Materials provided:
------------
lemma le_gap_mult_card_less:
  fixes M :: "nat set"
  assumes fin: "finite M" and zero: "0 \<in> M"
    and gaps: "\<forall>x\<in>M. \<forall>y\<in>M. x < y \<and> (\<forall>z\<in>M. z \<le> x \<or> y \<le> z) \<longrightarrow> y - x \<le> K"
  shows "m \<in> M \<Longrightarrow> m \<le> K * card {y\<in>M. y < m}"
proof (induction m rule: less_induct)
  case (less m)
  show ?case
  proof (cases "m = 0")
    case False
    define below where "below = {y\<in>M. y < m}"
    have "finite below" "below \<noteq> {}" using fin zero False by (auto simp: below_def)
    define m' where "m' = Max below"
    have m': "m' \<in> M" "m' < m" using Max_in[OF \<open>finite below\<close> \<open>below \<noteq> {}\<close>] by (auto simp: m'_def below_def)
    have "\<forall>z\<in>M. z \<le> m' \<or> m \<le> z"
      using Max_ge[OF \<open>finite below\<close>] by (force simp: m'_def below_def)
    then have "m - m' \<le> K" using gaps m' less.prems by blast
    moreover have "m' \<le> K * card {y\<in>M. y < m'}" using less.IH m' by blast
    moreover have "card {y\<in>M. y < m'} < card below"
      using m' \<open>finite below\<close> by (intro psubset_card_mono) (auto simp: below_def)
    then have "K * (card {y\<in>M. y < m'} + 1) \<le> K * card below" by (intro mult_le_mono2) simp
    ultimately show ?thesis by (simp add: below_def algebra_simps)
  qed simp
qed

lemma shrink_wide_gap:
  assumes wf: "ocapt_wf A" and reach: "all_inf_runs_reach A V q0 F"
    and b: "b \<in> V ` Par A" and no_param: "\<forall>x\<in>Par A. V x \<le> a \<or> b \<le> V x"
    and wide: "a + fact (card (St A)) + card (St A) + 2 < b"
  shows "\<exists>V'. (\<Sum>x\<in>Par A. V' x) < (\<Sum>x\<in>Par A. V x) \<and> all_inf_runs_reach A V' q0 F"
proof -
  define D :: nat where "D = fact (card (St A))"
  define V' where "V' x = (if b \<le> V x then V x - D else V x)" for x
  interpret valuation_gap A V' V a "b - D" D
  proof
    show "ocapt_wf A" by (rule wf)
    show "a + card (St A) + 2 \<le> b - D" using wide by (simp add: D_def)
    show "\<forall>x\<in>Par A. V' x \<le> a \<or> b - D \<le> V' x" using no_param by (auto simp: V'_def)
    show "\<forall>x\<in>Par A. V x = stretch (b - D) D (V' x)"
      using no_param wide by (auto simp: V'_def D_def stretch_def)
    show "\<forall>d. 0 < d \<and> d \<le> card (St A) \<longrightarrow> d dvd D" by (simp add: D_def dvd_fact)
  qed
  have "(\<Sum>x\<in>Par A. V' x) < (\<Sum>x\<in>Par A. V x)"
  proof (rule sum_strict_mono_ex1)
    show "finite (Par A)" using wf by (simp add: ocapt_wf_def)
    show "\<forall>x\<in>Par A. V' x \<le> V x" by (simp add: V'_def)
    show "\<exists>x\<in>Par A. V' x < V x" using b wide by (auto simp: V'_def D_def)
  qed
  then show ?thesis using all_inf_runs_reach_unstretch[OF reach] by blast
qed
------------
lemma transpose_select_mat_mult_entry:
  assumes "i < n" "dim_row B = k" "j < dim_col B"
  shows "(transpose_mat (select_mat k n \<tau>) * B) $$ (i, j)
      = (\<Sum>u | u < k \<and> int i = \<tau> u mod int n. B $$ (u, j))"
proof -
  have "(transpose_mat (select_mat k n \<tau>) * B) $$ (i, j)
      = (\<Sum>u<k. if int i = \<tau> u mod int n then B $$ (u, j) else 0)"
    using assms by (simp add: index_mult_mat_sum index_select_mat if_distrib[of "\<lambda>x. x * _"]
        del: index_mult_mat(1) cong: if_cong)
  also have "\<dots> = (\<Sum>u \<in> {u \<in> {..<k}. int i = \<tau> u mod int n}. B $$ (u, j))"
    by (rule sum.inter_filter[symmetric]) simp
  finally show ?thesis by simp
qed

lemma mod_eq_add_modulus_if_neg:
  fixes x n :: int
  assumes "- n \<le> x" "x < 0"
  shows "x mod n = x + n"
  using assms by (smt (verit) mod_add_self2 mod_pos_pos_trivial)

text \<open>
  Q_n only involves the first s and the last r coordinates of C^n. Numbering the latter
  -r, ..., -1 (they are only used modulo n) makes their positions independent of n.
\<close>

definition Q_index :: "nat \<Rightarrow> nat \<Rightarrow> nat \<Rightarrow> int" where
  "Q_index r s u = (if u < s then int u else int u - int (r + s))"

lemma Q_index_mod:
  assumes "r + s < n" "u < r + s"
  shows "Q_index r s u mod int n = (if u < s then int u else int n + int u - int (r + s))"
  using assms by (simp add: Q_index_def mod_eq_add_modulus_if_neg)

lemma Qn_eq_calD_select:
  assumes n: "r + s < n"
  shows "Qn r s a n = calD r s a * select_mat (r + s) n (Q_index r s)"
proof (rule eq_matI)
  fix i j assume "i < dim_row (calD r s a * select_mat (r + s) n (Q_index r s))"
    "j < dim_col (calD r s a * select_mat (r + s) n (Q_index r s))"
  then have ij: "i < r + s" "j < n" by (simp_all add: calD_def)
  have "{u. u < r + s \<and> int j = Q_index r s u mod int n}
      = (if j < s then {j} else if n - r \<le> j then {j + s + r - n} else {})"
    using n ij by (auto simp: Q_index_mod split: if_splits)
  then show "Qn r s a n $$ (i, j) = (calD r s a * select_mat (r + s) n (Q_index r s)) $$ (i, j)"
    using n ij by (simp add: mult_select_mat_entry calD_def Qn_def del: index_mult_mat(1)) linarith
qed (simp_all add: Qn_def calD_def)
------------
Activity: For the listing above, print only the lines starting at the line containing "int n = (if" and ending at the line containing "qed (simp_all add: Qn_def calD_def)", exactly, both included.

Task answer:
  shows "Q_index r s u mod int n = (if u < s then int u else int n + int u - int (r + s))"
  using assms by (simp add: Q_index_def mod_eq_add_modulus_if_neg)

lemma Qn_eq_calD_select:
  assumes n: "r + s < n"
  shows "Qn r s a n = calD r s a * select_mat (r + s) n (Q_index r s)"
proof (rule eq_matI)
  fix i j assume "i < dim_row (calD r s a * select_mat (r + s) n (Q_index r s))"
    "j < dim_col (calD r s a * select_mat (r + s) n (Q_index r s))"
  then have ij: "i < r + s" "j < n" by (simp_all add: calD_def)
  have "{u. u < r + s \<and> int j = Q_index r s u mod int n}
      = (if j < s then {j} else if n - r \<le> j then {j + s + r - n} else {})"
    using n ij by (auto simp: Q_index_mod split: if_splits)
  then show "Qn r s a n $$ (i, j) = (calD r s a * select_mat (r + s) n (Q_index r s)) $$ (i, j)"
    using n ij by (simp add: mult_select_mat_entry calD_def Qn_def del: index_mult_mat(1)) linarith
qed (simp_all add: Qn_def calD_def)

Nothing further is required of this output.